The project is aimed at moving brain neural computer interfaces (systems that enable you to interact with computers through your brain waves) from the laboratory toward practical devices, which can be used at home with minimal support. She also began giving lectures in UCD and the University of Ulster on the topics of disability, lifespan and electronic assistive technology.
She always swore that she could never go out with a man in a wheelchair, "because in my head it wouldn't work. I didn't want people to think I was going out with someone because they're in a wheelchair".
But then she met Stafford, an Antrim-based car dealer, through her local tennis club, and they hit it off.

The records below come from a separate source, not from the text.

lemma gfun_grad_eq_0_cases:
  assumes "s \<noteq> 0" and "gfun_grad s x = 0"
  shows "x \<in> E1 s \<or> x = 0 \<or> x \<in> E3 s"
proof -
  define a b k q where "a = x \<bullet> s" and "b = x \<bullet> quarter_turn s" and "k = x \<bullet> x" and "q = s \<bullet> s"
  have "q > 0"
    using assms(1) by (simp add: q_def)
  have grad: "(4 * k - 2 * q) *\<^sub>R x = (2 * a) *\<^sub>R s + (2 * b) *\<^sub>R quarter_turn s"
    using assms(2) by (simp add: gfun_grad_def a_def b_def k_def q_def algebra_simps)
  have "(4 * k - 2 * q) * a = 2 * a * q"
    using arg_cong[OF grad, of "\<lambda>y. y \<bullet> s"] by (simp add: inner_add_left a_def q_def)
  then have a: "(k - q) * a = 0"
    by (simp add: algebra_simps)
  have "(4 * k - 2 * q) * b = 2 * b * q"
    using arg_cong[OF grad, of "\<lambda>y. y \<bullet> quarter_turn s"] by (simp add: inner_add_left b_def q_def)
  then have b: "(k - q) * b = 0"
    by (simp add: algebra_simps)
  show ?thesis
  proof (cases "k = q")
    case True
    then have "(1 / (2 * q)) *\<^sub>R ((2 * q) *\<^sub>R x)
        = (1 / (2 * q)) *\<^sub>R ((2 * a) *\<^sub>R s + (2 * b) *\<^sub>R quarter_turn s)"
      using grad by simp
    then have x: "x = (a / q) *\<^sub>R s - (- b / q) *\<^sub>R quarter_turn s"
      using \<open>q > 0\<close> by (simp add: scaleR_add_right)
    have "k = x \<bullet> ((a / q) *\<^sub>R s - (- b / q) *\<^sub>R quarter_turn s)"
      unfolding k_def by (simp only: flip: x)
    also have "\<dots> = (a * a + b * b) / q"
      by (simp add: inner_diff_right inner_add_right a_def b_def add_divide_distrib)
    finally have "k = (a * a + b * b) / q" .
    then have "a * a + b * b = q * q"
      using True \<open>q > 0\<close> by (simp add: field_simps)
    then have "(a / q)\<^sup>2 + (- b / q)\<^sup>2 = 1"
      using \<open>q > 0\<close> by (simp add: power2_eq_square add_divide_distrib[symmetric])
    then show ?thesis
      using x mem_E1_iff by blast
  next
    case False
    then have "a = 0" "b = 0"
      using a b by simp_all
    then have "(4 * k - 2 * q) *\<^sub>R x = 0"
      using grad by simp
    then have "x = 0 \<or> k = q / 2"
      by auto
    then show ?thesis
      using \<open>a = 0\<close> \<open>b = 0\<close> by (auto simp: mem_E3_iff a_def b_def k_def q_def)
  qed
qed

He was her first boyfriend who used a wheelchair. She moved to Antrim to be with him and they have just celebrated their fourth anniversary of living together. She says she doesn't know about having children. "Other disabled people have done it and it would certainly be possible, but I don't know. Never say never, but it would be tough running around after a child, never mind holding them."
This year has been a whirlwind for Jean. First she became a spokesperson for RGK, a wheelchair manufacturer, and was also appointed to the board of Kanchi, a company that promotes the business case of disability. Then in the spring she was selected to be the Antrim Rose in the annual Rose of Tralee event.
She didn't win, but established a great rapport with host Daithi O Se and describes the experience of representing her adopted county as a "massive honour".
"The main thing about it all for me was that I wasn't sitting up there on that stage because I'm in a chair. It was about my personality and achievements," she tell me in an accent which lurches between a southern lilt and a northern brogue. When the competition was over, she and Stafford took a trip around Ireland in a PT convertible, assessed various properties for accessibility and blogged about the experience for Kanchi.
"People were sometimes terrified that they were being 'evaluated', but the main thing I tried to emphasise to people is that it makes sound business sense to make a premises accessible. For a small outlay you're opening up a new customer base. It's not about charity or people needing help."
It's hard to imagine anyone thinking this young dynamo needs charity. She might spurn the superhero label, but with her presence and relentless positivity she may represent a more accessible – pardon the pun – kind of role model for people, both able-bodied and disabled.
"I wouldn't wish this injury on anyone," she tells me as the evening draws in. "But it's been a part of my journey here. It's made me who I am. I wouldn't want anything to be different."